Radhika Gupta, the MD and CEO of Edelweiss, recently took to social media platform X, formerly Twitter to share an advice on mutual fund investing. In her posts, she noted the importance of having a stable, diversified portfolio, likening it to a diet of "dal-chawal," which is a staple in many Indian households.
Gupta warned investors about the risks of heavily investing in narrow sectoral funds. She shared an example of an investor who had spread Rs 27,000 worth of monthly SIPs across 31 funds, 15 of which were narrow sectoral ones. She called this a dangerous strategy, especially in uncertain times.
“A danger in these times is to fill your portfolio with narrow ideas that ideally are satellite allocation. Remember, 80% of the portfolio should be ‘dal-chawal’ funds!” Gupta wrote in her post.
What Are "Dal-Chawal" Funds?
Gupta in her post added that "dal-chawal" funds are broad-based mutual funds that span various sectors and are designed to perform well across different market conditions.
These funds include hybrid funds, diversified equity funds, and broad-based index funds, such as flexi, multi, large and mid-cap funds, as well as 250-500 index funds.
“Active or passive doesn’t matter — the point is not a narrow theme-based fund that works in one cycle and not in the next,” added Gupta.

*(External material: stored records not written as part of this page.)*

lemma card_excedance_inversions_cyclic:
  assumes "cyclic_perm n p" and "1 \<le> n"
  shows "card (excedance_inversions n p) = N_1423 (theta n p) + Mcount n p"
proof -
  interpret cycle_word n p "wat (theta n p)"
    using cycle_word_theta[OF assms] .
  have "length (theta n p) = n"
    by (simp add: theta_cyclic[OF assms(1)])
  show ?thesis
    unfolding N_1423_def Mcount_def Let_def \<open>length (theta n p) = n\<close> excedance_inversions_eq
    by (intro card_ordered_pairs_Un) auto
qed

lemma card_deficiency_inversions_cyclic:
  assumes "cyclic_perm n p" and "1 \<le> n"
  shows "card (deficiency_inversions n p) = N_3241 (theta n p) + N_4132 (theta n p)"
proof -
  interpret cycle_word n p "wat (theta n p)"
    using cycle_word_theta[OF assms] .
  have "length (theta n p) = n"
    by (simp add: theta_cyclic[OF assms(1)])
  show ?thesis
    unfolding N_3241_def N_4132_def \<open>length (theta n p) = n\<close> deficiency_inversions_eq
    by (intro card_ordered_pairs_Un) auto
qed

theorem mainTheorem4:
  fixes n :: nat and p :: "nat \<Rightarrow> nat"
  assumes "n \<ge> 1" and "p permutes {1..n}"
  shows "(cyclic_perm n p \<and> avoids321 n p) \<longleftrightarrow>
         (wat (theta n p) 1 = n \<and>
          N_3241 (theta n p) + N_1423 (theta n p) + N_4132 (theta n p) + Mcount n p = 0)"
proof (cases "cyclic_perm n p")
  case cyc: True
  have "p b \<noteq> b" if "1 < b" "b < n" for b
    using cyclic_perm_fixpoint[OF cyc, of b] that by auto
  then have "avoids321 n p \<longleftrightarrow>
      excedance_inversions n p = {} \<and> deficiency_inversions n p = {}"
    by (rule avoids321_iff_no_inversions[OF assms(2)])
  also have "\<dots> \<longleftrightarrow> card (excedance_inversions n p) + card (deficiency_inversions n p) = 0"
    by (simp add: finite_excedance_inversions finite_deficiency_inversions)
  also have "\<dots> \<longleftrightarrow>
      N_3241 (theta n p) + N_1423 (theta n p) + N_4132 (theta n p) + Mcount n p = 0"
    by (auto simp: card_excedance_inversions_cyclic[OF cyc assms(1)]
        card_deficiency_inversions_cyclic[OF cyc assms(1)])
  finally show ?thesis
    using cyc cyclic_perm_iff_wat_theta_1[OF assms(2,1)] by simp
next
  case False
  then show ?thesis
    using cyclic_perm_iff_wat_theta_1[OF assms(2,1)] by simp
qed
(* Let $G=(U\cup W,E)$ be a finite bipartite graph with bipartition $(U,W)$ and let $\mathbf{I}^Y\in\{0,1\}^{\vec E}$ be defined by $I^Y_{\vec e}=1$ iff $\lim_{z\to\infty}Y_{\vec e}(z)=\infty$. Then the set $V(\mathbf{I}^Y)$ is a minimum vertex cover of $G$.
   Context: $\vec E$ denotes the directed edges, $\partial v$ the neighbours of $v$, empty sums are $0$. LABP: $m^0_{\vec e}(z)=0$, $m^{t+1}_{u\to v}(z)=z/(1+\sum_{w\in\partial u\setminus v}m^t_{w\to u}(z))$; $Y_{\vec e}(z)=\lim_t m^t_{\vec e}(z)$, which is non-decreasing in $z$. The map $\mathcal{P}_G:\{0,1\}^{\vec E}\to\{0,1\}^{\vec E}$ is $\mathcal{P}_G(\mathbf{I})_{u\to v}=\mathbf{1}(\sum_{w\in\partial u\setminus v}I_{w\to u}=0)$. For $\mathbf{I}\in\{0,1\}^{\vec E}$, the vertex set $V(\mathbf{I})$ is defined by: for $u\in U$, $u\in V(\mathbf{I})$ iff $\sum_{v\in\partial u}I_{v\to u}\ge1$; for $w\in W$, $w\in V(\mathbf{I})$ iff $\sum_{v\in\partial w}\mathcal{P}_G(\mathbf{I})_{v\to w}\ge2$. *)

theory Defs
  imports Complex_Main
begin

text \<open>A finite bipartite graph with bipartition (U, W) is given by a set E of
  ordered pairs which is symmetric (so E is exactly the set of directed edges
  of the underlying undirected graph) and every edge joins U and W.\<close>

definition bipartite_graph :: "'a set \<Rightarrow> 'a set \<Rightarrow> ('a \<times> 'a) set \<Rightarrow> bool" where
  "bipartite_graph U W E \<longleftrightarrow> finite U \<and> finite W \<and> U \<inter> W = {} \<and>
     (\<forall>u v. (u, v) \<in> E \<longrightarrow> (v, u) \<in> E) \<and>
     (\<forall>u v. (u, v) \<in> E \<longrightarrow> (u \<in> U \<and> v \<in> W) \<or> (u \<in> W \<and> v \<in> U))"

definition nbrs :: "('a \<times> 'a) set \<Rightarrow> 'a \<Rightarrow> 'a set" where
  "nbrs E v = {w. (v, w) \<in> E}"

fun labp :: "('a \<times> 'a) set \<Rightarrow> nat \<Rightarrow> real \<Rightarrow> 'a \<times> 'a \<Rightarrow> real" where
  "labp E 0 z e = 0"
| "labp E (Suc t) z (u, v) =
     z / (1 + (\<Sum>w\<in>nbrs E u - {v}. labp E t z (w, u)))"

definition Y :: "('a \<times> 'a) set \<Rightarrow> real \<Rightarrow> 'a \<times> 'a \<Rightarrow> real" where
  "Y E z e = lim (\<lambda>t. labp E t z e)"

definition PG :: "('a \<times> 'a) set \<Rightarrow> ('a \<times> 'a \<Rightarrow> nat) \<Rightarrow> 'a \<times> 'a \<Rightarrow> nat" where
  "PG E I e = (if (\<Sum>w\<in>nbrs E (fst e) - {snd e}. I (w, fst e)) = 0 then 1 else 0)"
lemma chain_vertex:
  assumes "m < k" "l \<le> segments m"
  shows "chain m l < num_vertices \<and> \<not> is_leaf (chain m l) \<and> chain_index (chain m l) = m \<and>
    height (chain m l) = m + min (chain_length m) (l * M)"
proof (cases "l = 0")
  case False
  then obtain l' where l: "l = Suc l'"
    using not0_implies_Suc by blast
  define r where "r = m * slot + l'"
  have v: "chain m l = base + r"
    by (simp add: chain_def r_def l)
  have "l' < slot"
    using l assms segments_le_slot[of m] by linarith
  then have "r div slot = m" "Suc (r mod slot) = l"
    by (simp_all add: r_def l)
  moreover have "r < k * slot"
    using \<open>l' < slot\<close> assms(1) mult_le_mono1[of "Suc m" k slot] by (simp add: r_def)
  ultimately show ?thesis
    unfolding v by (simp add: num_vertices_def is_leaf_def chain_index_def height_def base_def)
next
  case True
  then show ?thesis
    using assms by (simp add: chain_def num_vertices_def base_def is_leaf_def chain_index_def
        height_def)
qed

lemmas chain_less_num_vertices = chain_vertex[THEN conjunct1]
  and not_is_leaf_chain = chain_vertex[THEN conjunct2, THEN conjunct1]
  and chain_index_chain = chain_vertex[THEN conjunct2, THEN conjunct2, THEN conjunct1]
  and height_chain = chain_vertex[THEN conjunct2, THEN conjunct2, THEN conjunct2]

lemma height_hub: "m < k \<Longrightarrow> height (hub m) = 2 * k - m"
  using height_chain[of m "segments m"] chain_length_le_segments[of m]
  by (simp add: hub_def chain_length_def)

lemma height_chain_step:
  assumes "m < k" "l < segments m"
  shows "height (chain m l) < height (chain m (Suc l))"
    and "height (chain m (Suc l)) \<le> height (chain m l) + M"
  using assms less_segments_iff[of l m] M_pos height_chain[of m l] height_chain[of m "Suc l"]
  by auto

lemma weight_spine: "m < k \<Longrightarrow> weight S {m, Suc m} = 1"
  by (auto simp: weight_def edges_def spine_edges_def is_leaf_def height_def base_def)
lemma ideal_diff: "is_ideal I \<Longrightarrow> x \<in> I \<Longrightarrow> y \<in> I \<Longrightarrow> x - y \<in> I"
  using ideal_add[of I x "(-1) * y"] ideal_mult_left[of I y "-1"] by simp

lemma ideal_sum: "is_ideal I \<Longrightarrow> (\<And>i. i \<in> A \<Longrightarrow> f i \<in> I) \<Longrightarrow> sum f A \<in> I"
  by (induction A rule: infinite_finite_induct) (auto intro: ideal_zero ideal_add)

lemma ideal_eq_UNIV_iff_one: "is_ideal I \<Longrightarrow> I = UNIV \<longleftrightarrow> 1 \<in> I"
  using ideal_mult_left[of I 1] by auto

lemma prime_ideal_one_notin: "is_prime_ideal P \<Longrightarrow> 1 \<notin> P"
  unfolding is_prime_ideal_def using ideal_eq_UNIV_iff_one by blast

lemma prime_ideal_mult_notin:
  "is_prime_ideal P \<Longrightarrow> x \<notin> P \<Longrightarrow> y \<notin> P \<Longrightarrow> x * y \<notin> P"
  unfolding is_prime_ideal_def by blast

lemma is_ideal_const_contraction:
  assumes "is_ideal B"
  shows "is_ideal {a. [:a:] \<in> B}"
  unfolding is_ideal_def
proof (intro conjI ballI allI impI)
  show "0 \<in> {a. [:a:] \<in> B}" using ideal_zero[OF assms] by simp
next
  fix x y assume "x \<in> {a. [:a:] \<in> B}" "y \<in> {a. [:a:] \<in> B}"
  then have "[:x:] + [:y:] \<in> B" using ideal_add[OF assms] by blast
  then show "x + y \<in> {a. [:a:] \<in> B}" by simp
next
  fix r x assume "x \<in> {a. [:a:] \<in> B}"
  then have "[:r:] * [:x:] \<in> B" using ideal_mult_left[OF assms] by blast
  then show "r * x \<in> {a. [:a:] \<in> B}" by (simp add: mult.commute)
qed

lemma is_ideal_poly_ext_ideal:
  assumes "is_ideal P"
  shows "is_ideal (poly_ext_ideal P)"
  unfolding is_ideal_def poly_ext_ideal_def
proof (intro conjI ballI allI impI)
  show "0 \<in> {f. \<forall>i. coeff f i \<in> P}" using ideal_zero[OF assms] by simp
next
  fix f g assume "f \<in> {f. \<forall>i. coeff f i \<in> P}" "g \<in> {f. \<forall>i. coeff f i \<in> P}"
  then show "f + g \<in> {f. \<forall>i. coeff f i \<in> P}" using ideal_add[OF assms] by simp
next
  fix r f assume "f \<in> {f. \<forall>i. coeff f i \<in> P}"
  then have "coeff (r * f) i \<in> P" for i
    unfolding coeff_mult by (auto intro!: ideal_sum[OF assms] ideal_mult_left[OF assms])
  then show "r * f \<in> {f. \<forall>i. coeff f i \<in> P}" by simp
qed
lemma density_on_swap_set:
  assumes \<gamma>: "\<gamma> \<in> measurable P P" and f: "f \<in> borel_measurable P"
    and f_image: "\<And>C. C \<in> sets P \<Longrightarrow> emeasure (density P f) C = emeasure P (\<gamma> ` C)"
    and ws: "ws \<in> fpaths N lam" and vs: "vs \<in> fpaths N lam"
  shows "AE x in P. x \<in> swap_set \<gamma> N ws vs \<longrightarrow> f x = ennreal (pw q vs / pw q ws)"
proof -
  let ?E = "swap_set \<gamma> N ws vs"
  let ?c = "pw q vs / pw q ws"
  let ?g = "swap_family lam ws vs"
  have E: "?E \<in> sets P" using swap_set_in_sets[OF \<gamma> ws vs] .
  note g = perm_family_swap_family[OF ws vs]
  have "AE x in P. f x * indicator ?E x = ennreal ?c * indicator ?E x"
  proof (rule density_unique_finite_measure)
    fix A assume A: "A \<in> sets P"
    have AE: "A \<inter> ?E \<in> sets P" using A E by simp
    have "(\<integral>\<^sup>+x. f x * indicator ?E x * indicator A x \<partial>P) = (\<integral>\<^sup>+x. f x * indicator (A \<inter> ?E) x \<partial>P)"
      by (intro nn_integral_cong) (simp split: split_indicator)
    also have "\<dots> = emeasure (density P f) (A \<inter> ?E)"
      using f AE by (simp add: emeasure_density)
    also have "\<dots> = emeasure P (\<gamma> ` (A \<inter> ?E))" using f_image[OF AE] .
    also have "\<gamma> ` (A \<inter> ?E) = reroute N ?g ` (A \<inter> ?E)"
      using reroute_swap_family_on_swap_set[OF _ ws vs] by (intro image_cong) auto
    also have "emeasure P (reroute N ?g ` (A \<inter> ?E))
                 = (\<integral>\<^sup>+x. ennreal (weight_ratio q N ?g x) * indicator (A \<inter> ?E) x \<partial>P)"
      using emeasure_image_reroute[OF g AE] borel_measurable_weight_ratio AE
      by (simp add: emeasure_density)
    also have "\<dots> = (\<integral>\<^sup>+x. ennreal ?c * indicator ?E x * indicator A x \<partial>P)"
      using weight_ratio_swap_family_on_swap_set[OF _ ws]
      by (intro nn_integral_cong) (auto split: split_indicator)
    finally show "(\<integral>\<^sup>+x. f x * indicator ?E x * indicator A x \<partial>P)
                    = (\<integral>\<^sup>+x. ennreal ?c * indicator ?E x * indicator A x \<partial>P)" .
  qed (use f E in auto)
  then show ?thesis by (rule eventually_mono) auto
qed

lemma emeasure_comp_meas_full_group:
  assumes \<gamma>: "\<gamma> \<in> full_group P" and C: "C \<in> sets P"
  shows "emeasure (comp_meas P \<gamma>) C = emeasure P (\<gamma> ` C)"
proof -
  have bij: "bij_betw \<gamma> Omega Omega" and inv: "inv_into Omega \<gamma> \<in> measurable P P"
    using \<gamma> by (auto simp: full_group_def)
  have image: "\<gamma> ` A = inv_into Omega \<gamma> -` A \<inter> space P" if "A \<in> sets P" for A
  proof (intro equalityI subsetI)
    fix y assume "y \<in> \<gamma> ` A"
    then obtain x where "x \<in> A" "y = \<gamma> x" by blast
    moreover have "A \<subseteq> Omega" using sets.sets_into_space[OF that] space_P by simp
    ultimately show "y \<in> inv_into Omega \<gamma> -` A \<inter> space P"
      using space_P bij_betw_inv_into_left[OF bij] bij_betw_apply[OF bij] by auto
  next
    fix y assume y: "y \<in> inv_into Omega \<gamma> -` A \<inter> space P"
    then have "y = \<gamma> (inv_into Omega \<gamma> y)" using bij_betw_inv_into_right[OF bij] space_P by auto
    then show "y \<in> \<gamma> ` A" using y by blast
  qed
  have "comp_meas P \<gamma> = distr P P (inv_into Omega \<gamma>)"
    using image inv by (intro comp_meas_eqI) (simp_all add: emeasure_distr)
  then show ?thesis using image[OF C] C inv by (simp add: emeasure_distr)
qed

lemma AE_density_full_group_even_power:
  assumes \<gamma>: "\<gamma> \<in> full_group P" and f: "f \<in> borel_measurable P"
    and f_image: "\<And>C. C \<in> sets P \<Longrightarrow> emeasure (density P f) C = emeasure P (\<gamma> ` C)"
  shows "AE x in P. \<exists>n. f x = ennreal (q powi (2 * n))"
proof -
  have \<gamma>m: "\<gamma> \<in> measurable P P" and covered: "\<forall>x\<in>Omega. \<exists>s\<in>SGall. \<gamma> x = s x"
    using \<gamma> by (auto simp: full_group_def)
  let ?I = "{(N, ws, vs). \<exists>lam. ws \<in> fpaths N lam \<and> vs \<in> fpaths N lam}"
  have "AE x in P. \<forall>i\<in>?I. case i of (N, ws, vs) \<Rightarrow>
          x \<in> swap_set \<gamma> N ws vs \<longrightarrow> f x = ennreal (pw q vs / pw q ws)"
    using density_on_swap_set[OF \<gamma>m f f_image] by (subst AE_ball_countable) auto
  then show ?thesis
  proof (rule AE_mp, intro AE_I2 impI)
    fix x assume x: "x \<in> space P"
      and pieces: "\<forall>i\<in>?I. case i of (N, ws, vs) \<Rightarrow>
                     x \<in> swap_set \<gamma> N ws vs \<longrightarrow> f x = ennreal (pw q vs / pw q ws)"
    obtain N lam ws vs where ws: "ws \<in> fpaths N lam" and vs: "vs \<in> fpaths N lam"
      and "x \<in> swap_set \<gamma> N ws vs"
      using swap_sets_cover[OF covered] x space_P by blast
    then have "f x = ennreal (pw q vs / pw q ws)" using pieces by blast
    then show "\<exists>n. f x = ennreal (q powi (2 * n))"
      using pw_divide_even_power[OF q_pos ws vs] by metis
  qed
qed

Why Invest in "Dal-Chawal" Funds?
One of the primary reason for investing in "dal-chawal" funds is their ability to provide stability and cover through various market cycles.
Gupta also added to it the importance of diversification, using the old adage, “don’t put all your eggs in one basket.”
Sector Funds
She also in a series of another X posts addressed the current popularity of sector funds.
Gupta noted that while these funds might align with market returns in the long run, they rarely outperform the market.